Hoy he tenido la oportunidad de ver una versión restaurada y reconstruida a partir del maltratado original. Y he de expresar lo mucho que me maravilla que, hace ochenta y un años, alguien fuese capaz de crear una genialidad como ésta.
Lang imaginó una polis del futuro en la que la división de clases es llevada hasta las últimas consecuencias. Y dicha división se halla marcada por la abismal diferencia entre una clase y otra tanto en la calidad de vida como en la separación física. Tanto es así, que la solvente clase pensante, dirigente e intelectual habita en la opulenta zona más elevada de la polis, mientras la clase obrera mísera y oprimida se ve relegada a la ratonera de la zona inferior.
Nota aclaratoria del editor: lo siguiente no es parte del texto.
lemma unstable_fixed_point_on_imp_not_lyapunov_stable_on:
  assumes "unstable_fixed_point_on S f q"
  shows "\<not> lyapunov_stable_on S f q"
proof
  assume stable: "lyapunov_stable_on S f q"
  obtain e where "e > 0"
    and e: "\<forall>\<delta>>0. \<exists>p\<in>S. (\<forall>i. p $ i > 0) \<and> dist p q < \<delta> \<and> (\<exists>t. dist ((f ^^ t) p) q \<ge> e)"
    using assms unfolding unstable_fixed_point_on_def by blast
  obtain d where "d > 0" and d: "\<forall>p\<in>S. dist p q < d \<longrightarrow> (\<forall>t. dist ((f ^^ t) p) q < e)"
    using stable \<open>e > 0\<close> unfolding lyapunov_stable_on_def by blast
  show False
    using e[rule_format, OF \<open>d > 0\<close>] d by (meson not_less)
qed

theorem corollary1:
  assumes "CARD('n) \<ge> 2"
  shows "(\<forall>p0 :: real ^ 'n. p0 \<in> Delta \<and> (\<forall>i. p0 $ i > 0) \<longrightarrow>
            (\<lambda>t. (Fmap ^^ t) p0) \<longlonglongrightarrow> barycenter)
       \<and> (\<forall>p :: real ^ 'n. p \<in> bdry_Delta \<longrightarrow> Fmap p \<in> bdry_Delta)
       \<and> (\<forall>q :: real ^ 'n. q \<in> bdry_Delta \<and> Fmap q = q \<longrightarrow>
            unstable_fixed_point_on Delta Fmap q \<and> \<not> lyapunov_stable_on Delta Fmap q)"
proof (intro conjI allI impI)
  fix q :: "real ^ 'n"
  assume q: "q \<in> bdry_Delta \<and> Fmap q = q"
  then have "q \<in> Delta" "q \<noteq> barycenter"
    using bdry_Delta_ne_barycenter by (auto simp: bdry_Delta_def)
  then show unstable: "unstable_fixed_point_on Delta Fmap q"
    using Fmap_unstable_fixed_point[OF assms] q by blast
  show "\<not> lyapunov_stable_on Delta Fmap q"
    using unstable_fixed_point_on_imp_not_lyapunov_stable_on[OF unstable] .
qed (use assms Fmap_iter_tendsto_barycenter Fmap_bdry_Delta in auto)

end
(* Let $0<a,b<1$, $f\ge3$, and for a rational function $u$ of $(r,y,z)$ write $u[\mathbf 1]$ for its value at $r=y=z=1$. With $\overline w_{m,n}$, $q^*_\ell$, $w^*_\ell$ as in the context: 1. $\overline w_{f-\ell,f+j}[\mathbf 1]=a^\ell b^{j-1}\big(j+\ell\tfrac ba-(\ell+j-1)b\big)$ for all $1\le\ell\le f$, $j\ge1$; 2. $\overline w_{f+j,f-\ell}[\mathbf 1]=a^{\ell-1}b^{j}\big((j+1)+(\ell-1)\tfrac ba-(\ell+j-1)b\big)$ for all $2\le\ell\le f$, $j\ge0$; 3. $q^*_\ell(a)[\mathbf 1]=\ell a^{\ell-1}$ and $w^*_\ell(a)[\mathbf 1]=a^{\ell-1}(\ell-(\ell-1)a)$ for all $\ell\ge1$.
   Context: Let $r,y,z$ be indeterminates. For $c\in(0,1)$: $\omega_c:=1-(1-c)^2r^2y^2z^2$, $\tau_c:=1+(1-c)^2r^2z^2y(1-y)$, $x_c:=c^2z^2\tau_c^2$, $\beta_c:=1+z^2(c^2-(1-c)^2r^2(y^2+c^2(1-y)^2z^2))$; $w^*_0(c):=(\beta_c-\omega_c)/x_c$, $w^*_1(c):=1$, $w^*_{n+1}(c):=\beta_cw^*_n(c)-x_cw^*_{n-1}(c)$ ($n\ge1$); $q^*_0(c):=-(1-y)(1+y+(1-c)^2r^2y^2z^2(1-y))/\tau_c^2$, $q^*_1(c):=y^2$, $q^*_{n+1}(c):=\beta_cq^*_n(c)-x_cq^*_{n-1}(c)$ ($n\ge1$). Also $\tau(a,b):=1+(1-a)(1-b)r^2z^2y(1-y)$, $x(a,b):=b^2z^2\tau(a,b)^2$, $x(b,a):=a^2z^2\tau(a,b)^2$, $\beta(a,b):=\beta_b-(b-a)b^2(1-b)r^2(1-y)^2z^4$, $\beta(b,a):=\beta_a-(a-b)a^2(1-a)r^2(1-y)^2z^4$. Define $\overline w_{m,m+1}=\overline w_{m+1,m}:=1$ ($m\ge0$), and for $n-m\ge2$ (indices $\ge0$): upward: $\overline w_{m,m+\ell}:=w^*_\ell(a)$ if $m+\ell\le f$, $:=w^*_\ell(b)$ if $f\le m$; $\overline w_{f-\ell,f+1}:=\frac{1-b}{1-a}w^*_{\ell+1}(a)+\frac{b-a}{1-a}w^*_\ell(a)$ ($1\le\ell\le f$); $\overline w_{m,f+2}:=\beta(a,b)\overline w_{m,f+1}-x(a,b)\overline w_{m,f}$ ($m\le f-1$); $\overline w_{m,f+j+1}:=\beta_b\overline w_{m,f+j}-x_b\overline w_{m,f+j-1}$ ($m\le f-1$, $j\ge2$). Downward: $\overline w_{m+\ell,m}:=w^*_\ell(a)$ if $m+\ell\le f-1$, $:=w^*_\ell(b)$ if $f-1\le m$; $\overline w_{f+j,f-2}:=\frac{1-a}{1-b}w^*_{j+2}(b)+\frac{a-b}{1-b}w^*_{j+1}(b)$ ($j\ge0$); $\overline w_{n,f-3}:=\beta(b,a)\overline w_{n,f-2}-x(b,a)\overline w_{n,f-1}$ ($n\ge f$); $\overline w_{n,f-\ell-2}:=\beta_a\overline w_{n,f-\ell-1}-x_a\overline w_{n,f-\ell}$ ($n\ge f$, $\ell\ge2$). *)

theory Defs
  imports Complex_Main
begin

text \<open>All quantities are real-valued functions of the indeterminates r, y, z
(passed as the first three arguments) and of the parameter c (resp. a, b, f).
Evaluation at r = y = z = 1 is obtained by instantiating r y z with 1.\<close>

definition omegac :: "real \<Rightarrow> real \<Rightarrow> real \<Rightarrow> real \<Rightarrow> real" where
  "omegac r y z c = 1 - (1-c)^2 * r^2 * y^2 * z^2"

definition tauc :: "real \<Rightarrow> real \<Rightarrow> real \<Rightarrow> real \<Rightarrow> real" where
  "tauc r y z c = 1 + (1-c)^2 * r^2 * z^2 * y * (1-y)"

definition xc :: "real \<Rightarrow> real \<Rightarrow> real \<Rightarrow> real \<Rightarrow> real" where
  "xc r y z c = c^2 * z^2 * (tauc r y z c)^2"

definition betac :: "real \<Rightarrow> real \<Rightarrow> real \<Rightarrow> real \<Rightarrow> real" where
  "betac r y z c = 1 + z^2 * (c^2 - (1-c)^2 * r^2 * (y^2 + c^2 * (1-y)^2 * z^2))"

fun wstar :: "real \<Rightarrow> real \<Rightarrow> real \<Rightarrow> real \<Rightarrow> nat \<Rightarrow> real" where
  "wstar r y z c 0 = (betac r y z c - omegac r y z c) / xc r y z c"
| "wstar r y z c (Suc 0) = 1"
| "wstar r y z c (Suc (Suc n)) =
     betac r y z c * wstar r y z c (Suc n) - xc r y z c * wstar r y z c n"

fun qstar :: "real \<Rightarrow> real \<Rightarrow> real \<Rightarrow> real \<Rightarrow> nat \<Rightarrow> real" where
  "qstar r y z c 0 =
     - (1-y) * (1 + y + (1-c)^2 * r^2 * y^2 * z^2 * (1-y)) / (tauc r y z c)^2"
| "qstar r y z c (Suc 0) = y^2"
| "qstar r y z c (Suc (Suc n)) =
     betac r y z c * qstar r y z c (Suc n) - xc r y z c * qstar r y z c n"

text \<open>tau(a,b), x(a,b), beta(a,b); the versions x(b,a), beta(b,a) of the paper
are obtained by swapping the arguments (tau is symmetric).\<close>

definition tauab :: "real \<Rightarrow> real \<Rightarrow> real \<Rightarrow> real \<Rightarrow> real \<Rightarrow> real" where
  "tauab r y z a b = 1 + (1-a) * (1-b) * r^2 * z^2 * y * (1-y)"

definition xab :: "real \<Rightarrow> real \<Rightarrow> real \<Rightarrow> real \<Rightarrow> real \<Rightarrow> real" where
  "xab r y z a b = b^2 * z^2 * (tauab r y z a b)^2"

definition betaab :: "real \<Rightarrow> real \<Rightarrow> real \<Rightarrow> real \<Rightarrow> real \<Rightarrow> real" where
  "betaab r y z a b = betac r y z b - (b-a) * b^2 * (1-b) * r^2 * (1-y)^2 * z^4"

text \<open>Upward part across f: wup r y z a b f m j = wbar_{m,f+j} for m \<le> f-1.\<close>

fun wup :: "real \<Rightarrow> real \<Rightarrow> real \<Rightarrow> real \<Rightarrow> real \<Rightarrow> nat \<Rightarrow> nat \<Rightarrow> nat \<Rightarrow> real" where
  "wup r y z a b f m 0 = wstar r y z a (f - m)"
| "wup r y z a b f m (Suc 0) =
     (1-b)/(1-a) * wstar r y z a (f - m + 1) + (b-a)/(1-a) * wstar r y z a (f - m)"
| "wup r y z a b f m (Suc (Suc 0)) =
     betaab r y z a b * wup r y z a b f m 1 - xab r y z a b * wup r y z a b f m 0"
| "wup r y z a b f m (Suc (Suc (Suc j))) =
     betac r y z b * wup r y z a b f m (Suc (Suc j)) - xc r y z b * wup r y z a b f m (Suc j)"

text \<open>Downward part across f: wdown r y z a b f n i = wbar_{n,f-1-i} for n \<ge> f.\<close>

fun wdown :: "real \<Rightarrow> real \<Rightarrow> real \<Rightarrow> real \<Rightarrow> real \<Rightarrow> nat \<Rightarrow> nat \<Rightarrow> nat \<Rightarrow> real" where
  "wdown r y z a b f n 0 = wstar r y z b (n - f + 1)"
| "wdown r y z a b f n (Suc 0) =
     (1-a)/(1-b) * wstar r y z b (n - f + 2) + (a-b)/(1-b) * wstar r y z b (n - f + 1)"
| "wdown r y z a b f n (Suc (Suc 0)) =
     betaab r y z b a * wdown r y z a b f n 1 - xab r y z b a * wdown r y z a b f n 0"
| "wdown r y z a b f n (Suc (Suc (Suc i))) =
     betac r y z a * wdown r y z a b f n (Suc (Suc i)) - xc r y z a * wdown r y z a b f n (Suc i)"

text \<open>The full array wbar_{m,n} (value for m = n is irrelevant and set to 0).\<close>

definition wbar :: "real \<Rightarrow> real \<Rightarrow> real \<Rightarrow> real \<Rightarrow> real \<Rightarrow> nat \<Rightarrow> nat \<Rightarrow> nat \<Rightarrow> real" where
  "wbar r y z a b f m n =
    (if n = m + 1 \<or> m = n + 1 then 1
     else if m + 2 \<le> n then
       (if n \<le> f then wstar r y z a (n - m)
        else if f \<le> m then wstar r y z b (n - m)
        else wup r y z a b f m (n - f))
     else if n + 2 \<le> m then
       (if m \<le> f - 1 then wstar r y z a (m - n)
        else if f - 1 \<le> n then wstar r y z b (m - n)
        else wdown r y z a b f m (f - 1 - n))
     else 0)"

end

theory Submission
  imports Defs
begin

text \<open>At r = y = z = 1 every recurrence of the construction becomes
u(n+2) = 2 c u(n+1) - c^2 u(n), whose characteristic polynomial has the double
root c; hence u(n) = c^n u(0) + n c^(n-1) (u(1) - c u(0)).  This applies to
w*(c) and q*(c), and also to the two sequences crossing the interface f, namely
j \<mapsto> wbar(f-l, f+j) with c = b and l \<mapsto> wbar(f+j, f-l) with c = a: their second
initial value (1-b)/(1-a) w*_{l+1}(a) + (b-a)/(1-a) w*_l(a) (and its mirror image)
is such that u(1) - c u(0) collapses to the single monomial (1-b) a^l.\<close>

lemma double_root_recurrence:
  fixes u :: "nat \<Rightarrow> 'a::comm_ring_1"
  assumes rec: "\<And>n. u (Suc (Suc n)) = 2 * c * u (Suc n) - c\<^sup>2 * u n"
  shows "u n = c ^ n * u 0 + of_nat n * c ^ (n - 1) * (u 1 - c * u 0)"
proof -
  define d where "d = u 1 - c * u 0"
  have closed: "u (Suc k) = c ^ Suc k * u 0 + of_nat (Suc k) * c ^ k * d
      \<and> u (Suc (Suc k)) = c ^ Suc (Suc k) * u 0 + of_nat (Suc (Suc k)) * c ^ Suc k * d" for k
  proof (induction k)
    case 0
    show ?case unfolding rec[of 0] d_def by (simp add: power2_eq_square algebra_simps)
  next
    case (Suc k)
    then show ?case unfolding rec[of "Suc k"] by (simp add: power2_eq_square algebra_simps)
  qed
  show ?thesis
  proof (cases n)
    case (Suc m)
    with closed[of m] show ?thesis
      unfolding d_def by simp
  qed simp
qed

lemma betac_1 [simp]: "betac 1 1 1 c = 2 * c"
  by (simp add: betac_def power2_eq_square algebra_simps)

lemma xc_1 [simp]: "xc 1 1 1 c = c\<^sup>2"
  by (simp add: xc_def tauc_def)

lemma betaab_1 [simp]: "betaab 1 1 1 a b = 2 * b"
  by (simp add: betaab_def)

lemma xab_1 [simp]: "xab 1 1 1 a b = b\<^sup>2"
  by (simp add: xab_def tauab_def)

lemma wstar_1:
  assumes "c \<noteq> 0"
  shows "wstar 1 1 1 c n = c ^ n + real n * c ^ (n - 1) * (1 - c)"
proof -
  have start: "wstar 1 1 1 c 0 = 1" "wstar 1 1 1 c 1 = 1"
    using assms by (simp_all add: omegac_def power2_eq_square field_simps)
  have "wstar 1 1 1 c n = c ^ n * wstar 1 1 1 c 0
          + real n * c ^ (n - 1) * (wstar 1 1 1 c 1 - c * wstar 1 1 1 c 0)"
    by (rule double_root_recurrence) simp
  then show ?thesis
    unfolding start by simp
qed

lemma qstar_1: "qstar 1 1 1 c n = real n * c ^ (n - 1)"
  using double_root_recurrence[of "qstar 1 1 1 c" c] by simp

lemma wstar_1_step:
  assumes "c \<noteq> 0"
  shows "wstar 1 1 1 c (Suc k) - c * wstar 1 1 1 c k = c ^ k * (1 - c)"
  using assms by (cases k) (simp_all add: wstar_1 algebra_simps del: wstar.simps)

lemma interface_start:
  assumes "p \<noteq> 0" "p \<noteq> 1"
  shows "(1 - q) / (1 - p) * wstar 1 1 1 p (Suc k) + (q - p) / (1 - p) * wstar 1 1 1 p k
           - q * wstar 1 1 1 p k = (1 - q) * p ^ k"
proof -
  have "1 - p \<noteq> 0" using assms by simp
  have "(1 - q) / (1 - p) * x + (q - p) / (1 - p) * y - q * y = (1 - q) / (1 - p) * (x - p * y)"
    for x y :: real
    using \<open>1 - p \<noteq> 0\<close> by (simp add: divide_simps) (simp add: algebra_simps)
  with \<open>1 - p \<noteq> 0\<close> show ?thesis
    by (simp add: wstar_1_step[OF \<open>p \<noteq> 0\<close>] del: wstar.simps)
qed

lemma wup_1:
  assumes "a \<noteq> 0" "a \<noteq> 1"
  shows "wup 1 1 1 a b f m j
           = b ^ j * wstar 1 1 1 a (f - m) + real j * b ^ (j - 1) * ((1 - b) * a ^ (f - m))"
proof -
  have "wup 1 1 1 a b f m (Suc (Suc n))
          = 2 * b * wup 1 1 1 a b f m (Suc n) - b\<^sup>2 * wup 1 1 1 a b f m n" for n
    by (cases n) (simp_all only: wup.simps betac_1 xc_1 betaab_1 xab_1 One_nat_def)
  from double_root_recurrence[of "wup 1 1 1 a b f m", OF this]
  show ?thesis
    using interface_start[OF assms, of b "f - m"] by simp
qed

lemma wdown_1:
  assumes "b \<noteq> 0" "b \<noteq> 1"
  shows "wdown 1 1 1 a b f n i
           = a ^ i * wstar 1 1 1 b (n - f + 1) + real i * a ^ (i - 1) * ((1 - a) * b ^ (n - f + 1))"
proof -
  have "wdown 1 1 1 a b f n (Suc (Suc k))
          = 2 * a * wdown 1 1 1 a b f n (Suc k) - a\<^sup>2 * wdown 1 1 1 a b f n k" for k
    by (cases k) (simp_all only: wdown.simps betac_1 xc_1 betaab_1 xab_1 One_nat_def)
  from double_root_recurrence[of "wdown 1 1 1 a b f n", OF this]
  show ?thesis
    using interface_start[OF assms, of a "n - f + 1"] by simp
qed

lemma wbar_across_up:
  assumes "1 \<le> l" "l \<le> f" "1 \<le> j"
  shows "wbar r y z a b f (f - l) (f + j) = wup r y z a b f (f - l) j"
  using assms by (auto simp: wbar_def)

lemma wbar_across_down:
  assumes "2 \<le> l" "l \<le> f"
  shows "wbar r y z a b f (f + j) (f - l) = wdown r y z a b f (f + j) (l - 1)"
  using assms by (auto simp: wbar_def)

theorem lemma3:
  fixes a b :: real and f :: nat
  assumes "0 < a" "a < 1" "0 < b" "b < 1" "3 \<le> f"
  shows "(\<forall>l j. 1 \<le> l \<and> l \<le> f \<and> 1 \<le> j \<longrightarrow>
            wbar 1 1 1 a b f (f - l) (f + j)
              = a ^ l * b ^ (j - 1) * (real j + real l * (b / a) - real (l + j - 1) * b))
       \<and> (\<forall>l j. 2 \<le> l \<and> l \<le> f \<longrightarrow>
            wbar 1 1 1 a b f (f + j) (f - l)
              = a ^ (l - 1) * b ^ j * (real (j + 1) + real (l - 1) * (b / a) - real (l + j - 1) * b))
       \<and> (\<forall>l. 1 \<le> l \<longrightarrow>
            qstar 1 1 1 a l = real l * a ^ (l - 1)
            \<and> wstar 1 1 1 a l = a ^ (l - 1) * (real l - real (l - 1) * a))"
proof -
  have a_ne: "a \<noteq> 0" "a \<noteq> 1" and b_ne: "b \<noteq> 0" "b \<noteq> 1" using assms by auto
  show ?thesis
  proof (intro conjI allI impI)
    fix l j :: nat
    assume lj: "1 \<le> l \<and> l \<le> f \<and> 1 \<le> j"
    then have across: "wbar 1 1 1 a b f (f - l) (f + j) = wup 1 1 1 a b f (f - l) j"
      by (simp add: wbar_across_up)
    from lj obtain l' j' where "l = Suc l'" "j = Suc j'"
      by (cases l; cases j) auto
    then show "wbar 1 1 1 a b f (f - l) (f + j)
                 = a ^ l * b ^ (j - 1) * (real j + real l * (b / a) - real (l + j - 1) * b)"
      unfolding across using lj a_ne by (simp add: wup_1 wstar_1 field_simps)
  next
    fix l j :: nat
    assume l: "2 \<le> l \<and> l \<le> f"
    then have across: "wbar 1 1 1 a b f (f + j) (f - l) = wdown 1 1 1 a b f (f + j) (l - 1)"
      by (simp add: wbar_across_down)
    from l obtain k where "l = Suc (Suc k)"
      by (metis add_2_eq_Suc le_Suc_ex)
    then show "wbar 1 1 1 a b f (f + j) (f - l)
                 = a ^ (l - 1) * b ^ j * (real (j + 1) + real (l - 1) * (b / a) - real (l + j - 1) * b)"
      unfolding across using a_ne b_ne by (simp add: wdown_1 wstar_1 field_simps)
  next
    fix l :: nat
    assume "1 \<le> l"
    with a_ne show "qstar 1 1 1 a l = real l * a ^ (l - 1)"
      and "wstar 1 1 1 a l = a ^ (l - 1) * (real l - real (l - 1) * a)"
      by (cases l; simp add: qstar_1 wstar_1 algebra_simps)+
  qed
qed

end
Una clase y otra no entablan el menor contacto entre sí, a no ser con el cometido de que los obreros reciban las órdenes de sus superiores. Y, aún así, siempre hay intermediarios para dicha función.
Lang mima la cámara y deja volar su inspiración en unos decorados y fondos sacados de la imaginería más creativa que se pueda concebir. La polis muestra el acusado contraste entre el estrato superior y el inferior. Las imágenes de la parte superior se pasean por un maremágnum de rascacielos, autopistas y carriles elevados para el abundante tráfico rodado, y tráfico aéreo con el acelerado pulso de una ciudad próspera e industrializada. Asímismo, atisbamos el estilo de vida de la clase dirigente: el esparcimiento y el ocio de quienes tienen mucho dinero fácil, y la eterna vigilancia de quienes controlan el trabajo de los obreros, como perros pastores vigilando a las ovejas. Jardines de diseño surrealista donde los señoritos se divierten, y locales nocturnos en los que los instintos se desatan. Por el contrario, el estilo de vida de la clase obrera es radicalmente opuesto: rebaños de trabajadores pobremente uniformados que se dirigen como autómatas a sus empleos mecánicos, monótonos, estresantes, peligrosos y muy mal remunerados.
Hasta que un día Freder, el hijo del dirigente de Metrópolis, se topa con una bella mujer que procede de la clase inferior. Y, a partir de ahí, todo cambia para Freder y para el destino de la ciudad. Siendo testigo de las grandes injusticias cometidas con los obreros, que a fin de cuentas son tan humanos como él, Freder se deja llevar por su compasión y su amor por María, y abandonará su vida cómoda para solidarizarse con sus hermanos de la zona inferior.
Soberbio drama de ciencia ficción con una fuerte carga social, ética y religiosa, cuya hermosa idea central gira en torno a la consecución de la igualdad mediante el amor, la paz y la colaboración mutua para construir un porvenir en el que no haya tantas diferencias. Interesante la confrontación entre la perfidia de la “doble” de María, que se dedica a sembrar la violencia y a provocar los más bajos instintos de las muchedumbres (propiciando que se dé rienda suelta a los pecados capitales enumerados por los dogmas cristianos), y la bondad de la auténtica María, que propaga el mensaje de amor y unidad.
Ver esta película es contemplar un futuro imaginado pero también es una mirada a los principios del siglo anterior. Los rostros que estaban de moda, con unos rasgos y facciones característicos acentuados por el maquillaje y el peinado; el vestuario; y, también, el estilo particular en la forma de actuar que tenían los intérpretes. El sello propio del cine mudo, con actuaciones basadas en la exageración en los gestos del rostro y los movimientos y aspavientos del cuerpo, exaltando mediante la mímica los sentimientos y expresando con claridad el sentido de sus acciones. Y, para finalizar, no se puede olvidar la presencia esencial de la música basada en temas ininterrumpidos al piano y al violín, como elemento altamente expresivo y creador de atmósferas a tono con las escenas.
Un clásico que, pese a la pátina del tiempo, no se desluce y sigue brillando con luz propia.